:: Task details ::
Tally every line of the material where "triangleI" occurs, then write the total by itself.

----- Entries supplied -----

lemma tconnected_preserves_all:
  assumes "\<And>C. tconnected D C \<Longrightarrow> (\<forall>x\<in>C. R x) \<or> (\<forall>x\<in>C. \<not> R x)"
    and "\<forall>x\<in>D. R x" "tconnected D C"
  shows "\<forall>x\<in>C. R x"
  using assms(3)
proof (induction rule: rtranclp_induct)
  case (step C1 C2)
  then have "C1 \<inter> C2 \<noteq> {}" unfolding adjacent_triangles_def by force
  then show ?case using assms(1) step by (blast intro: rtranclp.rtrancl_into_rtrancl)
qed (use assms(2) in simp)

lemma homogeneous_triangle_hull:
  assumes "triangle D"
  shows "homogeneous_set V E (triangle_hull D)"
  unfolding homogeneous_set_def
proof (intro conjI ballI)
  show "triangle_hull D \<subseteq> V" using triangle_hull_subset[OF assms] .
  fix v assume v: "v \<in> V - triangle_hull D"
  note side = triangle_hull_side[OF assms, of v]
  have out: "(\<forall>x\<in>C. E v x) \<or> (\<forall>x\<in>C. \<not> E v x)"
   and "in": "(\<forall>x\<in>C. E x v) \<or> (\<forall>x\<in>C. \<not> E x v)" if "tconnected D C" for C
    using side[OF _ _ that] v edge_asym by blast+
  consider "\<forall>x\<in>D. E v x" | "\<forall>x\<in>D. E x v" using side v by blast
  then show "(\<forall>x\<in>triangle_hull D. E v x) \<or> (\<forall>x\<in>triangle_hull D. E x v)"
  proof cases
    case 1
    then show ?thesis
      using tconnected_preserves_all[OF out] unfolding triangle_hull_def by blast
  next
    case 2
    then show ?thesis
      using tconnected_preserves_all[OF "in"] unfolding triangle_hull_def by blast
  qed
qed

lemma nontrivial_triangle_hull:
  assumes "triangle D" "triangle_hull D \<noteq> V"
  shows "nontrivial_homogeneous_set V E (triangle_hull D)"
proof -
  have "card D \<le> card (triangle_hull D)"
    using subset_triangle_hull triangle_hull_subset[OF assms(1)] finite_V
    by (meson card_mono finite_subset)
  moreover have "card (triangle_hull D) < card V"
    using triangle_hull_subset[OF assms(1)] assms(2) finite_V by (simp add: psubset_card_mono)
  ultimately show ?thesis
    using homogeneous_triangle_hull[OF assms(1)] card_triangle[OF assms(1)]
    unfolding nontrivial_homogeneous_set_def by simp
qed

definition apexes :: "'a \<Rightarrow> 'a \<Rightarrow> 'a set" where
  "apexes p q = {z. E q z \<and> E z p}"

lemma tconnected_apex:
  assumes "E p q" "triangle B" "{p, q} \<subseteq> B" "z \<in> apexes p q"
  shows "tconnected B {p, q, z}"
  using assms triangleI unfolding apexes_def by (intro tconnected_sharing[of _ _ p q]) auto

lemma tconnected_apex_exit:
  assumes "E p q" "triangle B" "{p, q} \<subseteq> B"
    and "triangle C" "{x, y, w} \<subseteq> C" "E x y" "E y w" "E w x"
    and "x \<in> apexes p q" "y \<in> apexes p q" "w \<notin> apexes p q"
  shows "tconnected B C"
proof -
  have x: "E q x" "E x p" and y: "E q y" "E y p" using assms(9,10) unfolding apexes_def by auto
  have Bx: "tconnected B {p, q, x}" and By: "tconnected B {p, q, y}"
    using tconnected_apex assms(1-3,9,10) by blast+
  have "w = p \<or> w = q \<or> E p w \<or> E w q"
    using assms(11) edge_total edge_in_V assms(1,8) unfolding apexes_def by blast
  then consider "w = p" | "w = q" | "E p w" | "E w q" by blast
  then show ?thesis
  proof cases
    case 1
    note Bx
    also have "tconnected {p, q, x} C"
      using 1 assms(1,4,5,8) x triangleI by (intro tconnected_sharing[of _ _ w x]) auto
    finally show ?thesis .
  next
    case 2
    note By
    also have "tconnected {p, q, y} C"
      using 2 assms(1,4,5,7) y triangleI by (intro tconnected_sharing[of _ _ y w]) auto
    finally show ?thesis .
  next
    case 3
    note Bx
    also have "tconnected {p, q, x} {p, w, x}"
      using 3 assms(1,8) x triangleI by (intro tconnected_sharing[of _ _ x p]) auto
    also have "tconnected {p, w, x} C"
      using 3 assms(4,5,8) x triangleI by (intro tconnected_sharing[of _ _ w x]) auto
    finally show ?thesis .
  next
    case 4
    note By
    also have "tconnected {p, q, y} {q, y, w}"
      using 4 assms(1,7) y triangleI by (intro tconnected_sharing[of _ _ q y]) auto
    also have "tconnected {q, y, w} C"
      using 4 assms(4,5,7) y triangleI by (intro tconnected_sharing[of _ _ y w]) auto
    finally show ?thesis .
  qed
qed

-----

:: Response below ::
7